--- Exercise directions ---
Each line in the records below, from the one that contains "j) > 0) \<and>" to the one that contains "i = (\<lambda>k.", should be reproduced exactly, the first and last included.
Extracted information Block Start
(* Let $\psi$ be a reduced function with $\delta(\psi)<\sqrt3$. Then either the family $(t_k)$ is finite, or $\psi(t_k)=t_{k-1}-1$ for every sufficiently large $k$.
   Context: $\mathcal{A}$ is an alphabet disjoint from $\mathbb{N}^*=\{1,2,\dots\}$. A function is a map $\psi:\mathbb{N}^*\to\mathbb{N}^*\sqcup\mathcal{A}$ such that for every $n\ge1$ either $\psi(n)\in\mathcal{A}$ or $1\le\psi(n)\le n-1$. Let $(t_k)_{k\ge0}$ be the (finite or infinite) family, in increasing order, of all $n\ge1$ with $\psi(n)\in\mathcal{A}$ or $1\le\psi(n)\le n-2$. $\psi$ is reduced if for every $k\ge1$ such that $t_k$ exists: $\psi(t_k)\ne\psi(t_{k-1})$, and either $\psi(t_k)\in\mathcal{A}$ or $\psi(t_k)<t_{k-1}$. For reduced $\psi$, define $n_1=0$ and for $i\ge1$: $n_{i+1}=2n_i-n_{\psi(i)}$ if $\psi(i)\in\mathbb{N}^*$, $n_{i+1}=2n_i+1$ if $\psi(i)\in\mathcal{A}$; then $\delta(\psi)=\limsup_{i\to\infty}n_{i+1}/n_i$. *)

theory Defs
  imports "HOL-Analysis.Analysis" "HOL-Library.Liminf_Limsup"
begin

text \<open>A function psi : N* -> N* + A is modelled as psi :: nat => 'a + nat, where
  Inl a is a letter of the alphabet A (type 'a) and Inr m is the positive integer m.
  The value at 0 is irrelevant.\<close>

definition is_function :: "(nat \<Rightarrow> 'a + nat) \<Rightarrow> bool" where
  "is_function psi \<longleftrightarrow>
     (\<forall>n\<ge>1. (\<exists>a. psi n = Inl a) \<or> (\<exists>m. psi n = Inr m \<and> 1 \<le> m \<and> m + 1 \<le> n))"

text \<open>The set of all n >= 1 with psi n in A or 1 <= psi n <= n - 2 (the family (t_k)).\<close>
definition tset :: "(nat \<Rightarrow> 'a + nat) \<Rightarrow> nat set" where
  "tset psi = {n. n \<ge> 1 \<and> ((\<exists>a. psi n = Inl a) \<or> (\<exists>m. psi n = Inr m \<and> 1 \<le> m \<and> m + 2 \<le> n))}"

text \<open>m and n are consecutive members t_{k-1} = m, t_k = n of the family.\<close>
definition consec :: "nat set \<Rightarrow> nat \<Rightarrow> nat \<Rightarrow> bool" where
  "consec T m n \<longleftrightarrow> m \<in> T \<and> n \<in> T \<and> m < n \<and> (\<forall>j. m < j \<and> j < n \<longrightarrow> j \<notin> T)"

definition reduced :: "(nat \<Rightarrow> 'a + nat) \<Rightarrow> bool" where
  "reduced psi \<longleftrightarrow> is_function psi \<and>
     (\<forall>m n. consec (tset psi) m n \<longrightarrow>
        psi n \<noteq> psi m \<and> ((\<exists>a. psi n = Inl a) \<or> (\<exists>j. psi n = Inr j \<and> j < m)))"

text \<open>The sequence n_i (i >= 1): n_1 = 0, n_{i+1} = 2 n_i - n_{psi i} or 2 n_i + 1.
  The guard on m is always satisfied for a function psi; it only ensures totality.\<close>
fun nseq :: "(nat \<Rightarrow> 'a + nat) \<Rightarrow> nat \<Rightarrow> int" where
  "nseq psi 0 = 0"
| "nseq psi (Suc 0) = 0"
| "nseq psi (Suc (Suc i)) =
     (case psi (Suc i) of
        Inl a \<Rightarrow> 2 * nseq psi (Suc i) + 1
      | Inr m \<Rightarrow> 2 * nseq psi (Suc i) - (if m \<le> Suc i then nseq psi m else 0))"

definition delta :: "(nat \<Rightarrow> 'a + nat) \<Rightarrow> ereal" where
  "delta psi = limsup (\<lambda>i. ereal (real_of_int (nseq psi (Suc i)) / real_of_int (nseq psi i)))"

end

theory Submission
  imports Defs
begin

(* Write a i for nseq psi i. The increments a (i+1) - a i are positive and nondecreasing,
   and at every member t \<ge> 2 of the family, a t is at most the sum of the two increments
   around it (induction along the family, using psi t < the previous member).
   If consecutive members m < n violate psi n = m - 1, then either psi n is a letter
   (ratio a (n+1) / a n \<ge> 2), or psi n \<le> m - 2 and a (n+1) - a n \<ge> a n - a (m-2);
   combined with the bound at m (and at m - 1), this forces a ratio \<ge> sqrt 3 at m - 1,
   m or n. Infinitely many violations thus contradict delta psi < sqrt 3. *)

lemma reduced_imp_is_function: "reduced psi \<Longrightarrow> is_function psi"
  unfolding reduced_def by simp
lemma inner_plane_rotation_left:
  "plane_rotation u v t z \<bullet> u = cos t * (z \<bullet> u) - sin t * (z \<bullet> v)"
  "plane_rotation u v t z \<bullet> v = sin t * (z \<bullet> u) + cos t * (z \<bullet> v)"
  using uu vv uv
  by (simp_all add: plane_rotation_def inner_add_left inner_diff_left inner_commute[of v u] algebra_simps)

lemma orthogonal_transformation_plane_rotation:
  "orthogonal_transformation (plane_rotation u v t)"
  unfolding orthogonal_transformation_def
proof (intro conjI allI)
  show "linear (plane_rotation u v t)"
    by (rule linearI)
      (simp_all add: plane_rotation_def inner_add_left scaleR_add_right scaleR_diff_right algebra_simps)
  fix x y :: 'a
  define c where "c = cos t"
  define s where "s = sin t"
  have cs: "s * s = 1 - c * c"
    unfolding c_def s_def using sin_cos_squared_add[of t] by (simp add: power2_eq_square)
  have vu: "v \<bullet> u = 0"
    using uv by (simp add: inner_commute)
  show "plane_rotation u v t x \<bullet> plane_rotation u v t y = x \<bullet> y"
    unfolding plane_rotation_def c_def[symmetric] s_def[symmetric]
    apply (simp add: inner_add_left inner_add_right inner_diff_left inner_diff_right uu vv uv vu)
    apply (simp add: inner_commute[of u] inner_commute[of v] algebra_simps)
    using cs by algebra
qed

end

(* The rotations of the (u, v)-plane preserve unif_sphere, and the average of |z . u| |z . v|
  over all of them is ((z . u)^2 + (z . v)^2) / pi; Fubini exchanges the two averages. *)
lemma integral_unif_sphere_abs_inner_mult:
  fixes u v :: "real^'n"
  assumes uu: "u \<bullet> u = 1" and vv: "v \<bullet> v = 1" and uv: "u \<bullet> v = 0"
  shows "(\<integral>z. \<bar>z \<bullet> u\<bar> * \<bar>z \<bullet> v\<bar> \<partial>unif_sphere) = 2 / (pi * real CARD('n))"
proof -
  interpret S: prob_space "unif_sphere :: (real^'n) measure"
    by (rule prob_space_unif_sphere)
  interpret pair_sigma_finite "unif_sphere :: (real^'n) measure" lborel
    by (simp add: pair_sigma_finite_def S.sigma_finite_measure_axioms
        lborel.sigma_finite_measure_axioms)
  define I where "I = (\<integral>z. \<bar>z \<bullet> u\<bar> * \<bar>z \<bullet> v\<bar> \<partial>(unif_sphere :: (real^'n) measure))"
  define F where "F z t = \<bar>(cos (t/2) * (z \<bullet> u) - sin (t/2) * (z \<bullet> v))
      * (sin (t/2) * (z \<bullet> u) + cos (t/2) * (z \<bullet> v))\<bar> * indicator {0..4*pi} t"
    for z :: "real^'n" and t :: real
  have norm_u_v: "norm u = 1" "norm v = 1"
    using uu vv by (simp_all add: norm_eq_sqrt_inner)
  have square_le: "(z \<bullet> w)\<^sup>2 \<le> 1" if "norm z = 1" "norm w = 1" for z w :: "real^'n"
    using Cauchy_Schwarz_ineq2[of z w] that by (simp add: abs_square_le_1)
  have integrable_square: "integrable unif_sphere (\<lambda>z::real^'n. (z \<bullet> w)\<^sup>2)" if "norm w = 1" for w
    by (rule integrable_unif_sphere_bounded[where B=1]) (use square_le that in auto)
  have integral_F_sphere: "(\<integral>z. F z t \<partial>unif_sphere) = I * indicator {0..4*pi} t" for t
  proof -
    have "(\<integral>z. \<bar>plane_rotation u v (t/2) z \<bullet> u\<bar> * \<bar>plane_rotation u v (t/2) z \<bullet> v\<bar> \<partial>unif_sphere) = I"
      unfolding I_def
      by (rule integral_unif_sphere_orthogonal_transformation[OF
            orthogonal_transformation_plane_rotation[OF uu vv uv]]) simp
    then show ?thesis
      by (simp add: F_def inner_plane_rotation_left[OF uu vv uv] abs_mult)
  qed
  have integral_F_line: "(\<integral>t. F z t \<partial>lborel) = 4 * ((z \<bullet> u)\<^sup>2 + (z \<bullet> v)\<^sup>2)" for z
  proof -
    have "(LBINT t=ereal 0..ereal (4*pi). \<bar>(cos (t/2) * (z \<bullet> u) - sin (t/2) * (z \<bullet> v))
        * (sin (t/2) * (z \<bullet> u) + cos (t/2) * (z \<bullet> v))\<bar>) = (\<integral>t. F z t \<partial>lborel)"
      by (subst interval_integral_Icc) (simp_all add: set_lebesgue_integral_def F_def[abs_def] mult.commute)
    then show ?thesis
      using interval_integral_abs_rotated_product[of "z \<bullet> u" "z \<bullet> v"] by (simp add: zero_ereal_def)
  qed
  have F_meas: "(\<lambda>(z, t). F z t) \<in> borel_measurable ((unif_sphere :: (real^'n) measure) \<Otimes>\<^sub>M lborel)"
  proof -
    have "(\<lambda>(z, t). F z t) \<in> borel_measurable ((borel :: (real^'n) measure) \<Otimes>\<^sub>M lborel)"
      unfolding F_def by measurable
    then show ?thesis
      by (subst measurable_cong_sets[OF sets_pair_measure_cong[OF sets_unif_sphere refl] refl])
  qed
  have integrable_F: "integrable ((unif_sphere :: (real^'n) measure) \<Otimes>\<^sub>M lborel) (\<lambda>(z, t). F z t)"
  proof (rule Fubini_integrable[OF F_meas])
    have "F z t \<ge> 0" for z t
      by (simp add: F_def)
    then have "(\<lambda>z. \<integral>t. norm (F z t) \<partial>lborel) = (\<lambda>z. 4 * ((z \<bullet> u)\<^sup>2 + (z \<bullet> v)\<^sup>2))"
      by (simp add: integral_F_line)
    moreover have "integrable unif_sphere (\<lambda>z::real^'n. 4 * ((z \<bullet> u)\<^sup>2 + (z \<bullet> v)\<^sup>2))"
      using integrable_square[OF norm_u_v(1)] integrable_square[OF norm_u_v(2)] by simp
    ultimately show "integrable unif_sphere (\<lambda>z. \<integral>t. norm (case (z, t) of (z, t) \<Rightarrow> F z t) \<partial>lborel)"
      by simp
    show "AE z in unif_sphere. integrable lborel (\<lambda>t. case (z, t) of (z, t) \<Rightarrow> F z t)"
      unfolding F_def
      by (intro AE_I2) (simp, intro borel_integrable_atLeastAtMost continuous_intros; simp)
  qed
  have "I * (4 * pi) = (\<integral>t. (\<integral>z. F z t \<partial>unif_sphere) \<partial>lborel)"
    by (simp add: integral_F_sphere)
  also have "\<dots> = (\<integral>z. (\<integral>t. F z t \<partial>lborel) \<partial>(unif_sphere :: (real^'n) measure))"
    using Fubini_integral[OF integrable_F] by simp
  also have "\<dots> = 4 * ((\<integral>z. (z \<bullet> u)\<^sup>2 \<partial>unif_sphere) + (\<integral>z. (z \<bullet> v)\<^sup>2 \<partial>(unif_sphere :: (real^'n) measure)))"
    using integrable_square[OF norm_u_v(1)] integrable_square[OF norm_u_v(2)]
    by (simp add: integral_F_line)
  also have "\<dots> = 8 / real CARD('n)"
    using integral_unif_sphere_inner_square[OF norm_u_v(1)]
      integral_unif_sphere_inner_square[OF norm_u_v(2)] by simp
  finally show ?thesis
    unfolding I_def[symmetric] by (simp add: field_simps)
qed

section \<open>Gram-Schmidt orthonormalization and the estimator\<close>

definition gs_residual :: "(nat \<Rightarrow> 'a::real_inner) \<Rightarrow> nat \<Rightarrow> 'a" where
  "gs_residual w k = w k - (\<Sum>j<k. (w k \<bullet> gram_schmidt w j) *\<^sub>R gram_schmidt w j)"
(* Let $\mathbf i=(i_1,\dots,i_N)$ be a reduced expression of $w_0$ whose standard seed satisfies properties (A), (B) and (C). Let $l\in\{1,\dots,N\}$ and assume there exists $m\in\{1,\dots,N\}$ with $i_l\cdot i_m=-1$ and $m_-(\mathbf i)<l<m<l_+(\mathbf i)<m_+(\mathbf i)$. Then $P_l$ divides $\tilde P_l:=\beta_lP_{\mathrm{in}(l)}$.
   Context: $\mathfrak g$ is a complex simple Lie algebra of simply-laced type, vertex set $I=\{1,\dots,n\}$, Cartan entries $i\cdot j$, Weyl group with simple reflections $s_i$, longest element $w_0$, $N=\ell(w_0)$, fundamental weights $\omega_i$. $\overline D:\mathbb C[\mathsf N]\to\mathbb C(\alpha_1,\dots,\alpha_n)$ is the algebra morphism $\overline D(f)=\sum_{\mathbf j}(f,e_{j_1}\cdots e_{j_r})\big(\alpha_{j_1}(\alpha_{j_1}+\alpha_{j_2})\cdots(\alpha_{j_1}+\dots+\alpha_{j_r})\big)^{-1}$ ($\mathbb C[\mathsf N]$ identified with the graded dual of $U(\mathfrak n)$, $e_i$ Chevalley generators, $\alpha_i$ indeterminates). Positive roots are linear forms in the $\alpha_i$; $(\beta;P)$ = multiplicity of $\beta$ in $P$. For a reduced expression $\mathbf i$: $\beta_j=s_{i_1}\cdots s_{i_{j-1}}(\alpha_{i_j})$; $j_-(\mathbf i)=\max(\{l<j:i_l=i_j\}\cup\{0\})$; $j_+(\mathbf i)=\min(\{l>j:i_l=i_j\}\cup\{N+1\})$; $J_{ex}(\mathbf i)=\{j:j_+\le N\}$; flag minors $x_j=D(s_{i_1}\cdots s_{i_j}\omega_{i_j},\omega_{i_j})$. The quiver $Q^{\mathbf i}$ on $\{1,\dots,N\}$ has an ordinary arrow $u\to v$ iff $i_u\cdot i_v=-1$ and $u<v<u_+<v_+$, and a horizontal arrow $u_+\to u$ for each $u\in J_{ex}$. For $j\in J_{ex}$, $\mathrm{inord}(j)$ is the set of sources of ordinary arrows into $j$ and $P_{\mathrm{in}(j)}:=P_{j_+}\prod_{l\in\mathrm{inord}(j)}P_l$. Properties: (A) $\overline D(x_j)=1/P_j$ with $P_j$ a product of positive roots, all $j$; (B) $P_jP_{j_-}=\beta_j\prod_{l<j<l_+,\,i_l\cdot i_j=-1}P_l$ for all $j$, with $P_0=1$; (C) $(\beta_i;P_j)-(\beta_i;P_{j_+})\le1$ for all $j\in J_{ex}$, $1\le i\le N$. *)

theory Defs
  imports Complex_Main
begin

text \<open>Root-lattice vectors: coordinates w.r.t. the simple roots alpha_1..alpha_n,
  as functions nat \<Rightarrow> int (zero outside 1..n). A positive root is such a vector,
  viewed as the linear form sum_k v k * alpha_k.
  A product of positive roots (a monomial in positive roots) is represented by its
  multiplicity function: root \<Rightarrow> int (the exponent of that root), so that
  products become sums and (beta; P) is P beta.\<close>

type_synonym vec = "nat \<Rightarrow> int"
type_synonym rootprod = "vec \<Rightarrow> int"

definition simply_laced_cartan :: "nat \<Rightarrow> (nat \<Rightarrow> nat \<Rightarrow> int) \<Rightarrow> bool" where
  "simply_laced_cartan n C \<longleftrightarrow>
     n \<ge> 1 \<and>
     (\<forall>i\<in>{1..n}. C i i = 2) \<and>
     (\<forall>i\<in>{1..n}. \<forall>j\<in>{1..n}. i \<noteq> j \<longrightarrow> C i j = C j i \<and> (C i j = 0 \<or> C i j = -1)) \<and>
     (\<forall>x :: nat \<Rightarrow> real. (\<exists>i\<in>{1..n}. x i \<noteq> 0) \<longrightarrow>
        (\<Sum>i\<in>{1..n}. \<Sum>j\<in>{1..n}. x i * of_int (C i j) * x j) > 0) \<and>
     (\<forall>i\<in>{1..n}. \<forall>j\<in>{1..n}.
        (\<lambda>a b. a \<in> {1..n} \<and> b \<in> {1..n} \<and> C a b = -1)\<^sup>*\<^sup>* i j)"

definition simple_root :: "nat \<Rightarrow> vec" where
  "simple_root i = (\<lambda>k. if k = i then 1 else 0)"

definition sref :: "nat \<Rightarrow> (nat \<Rightarrow> nat \<Rightarrow> int) \<Rightarrow> nat \<Rightarrow> vec \<Rightarrow> vec" where
  "sref n C i v = v(i := v i - (\<Sum>k\<in>{1..n}. v k * C k i))"

definition word_act :: "nat \<Rightarrow> (nat \<Rightarrow> nat \<Rightarrow> int) \<Rightarrow> nat list \<Rightarrow> vec \<Rightarrow> vec" where
  "word_act n C ws = foldr (\<lambda>a f. sref n C a \<circ> f) ws id"

definition is_word :: "nat \<Rightarrow> nat list \<Rightarrow> bool" where
  "is_word n ws \<longleftrightarrow> set ws \<subseteq> {1..n}"

definition reduced_word :: "nat \<Rightarrow> (nat \<Rightarrow> nat \<Rightarrow> int) \<Rightarrow> nat list \<Rightarrow> bool" where
  "reduced_word n C ws \<longleftrightarrow> is_word n ws \<and>
     (\<forall>ws'. is_word n ws' \<and> word_act n C ws' = word_act n C ws \<longrightarrow> length ws \<le> length ws')"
Extracted information Block End
--- Response below ---
        (\<Sum>i\<in>{1..n}. \<Sum>j\<in>{1..n}. x i * of_int (C i j) * x j) > 0) \<and>
     (\<forall>i\<in>{1..n}. \<forall>j\<in>{1..n}.
        (\<lambda>a b. a \<in> {1..n} \<and> b \<in> {1..n} \<and> C a b = -1)\<^sup>*\<^sup>* i j)"

definition simple_root :: "nat \<Rightarrow> vec" where
  "simple_root i = (\<lambda>k. if k = i then 1 else 0)"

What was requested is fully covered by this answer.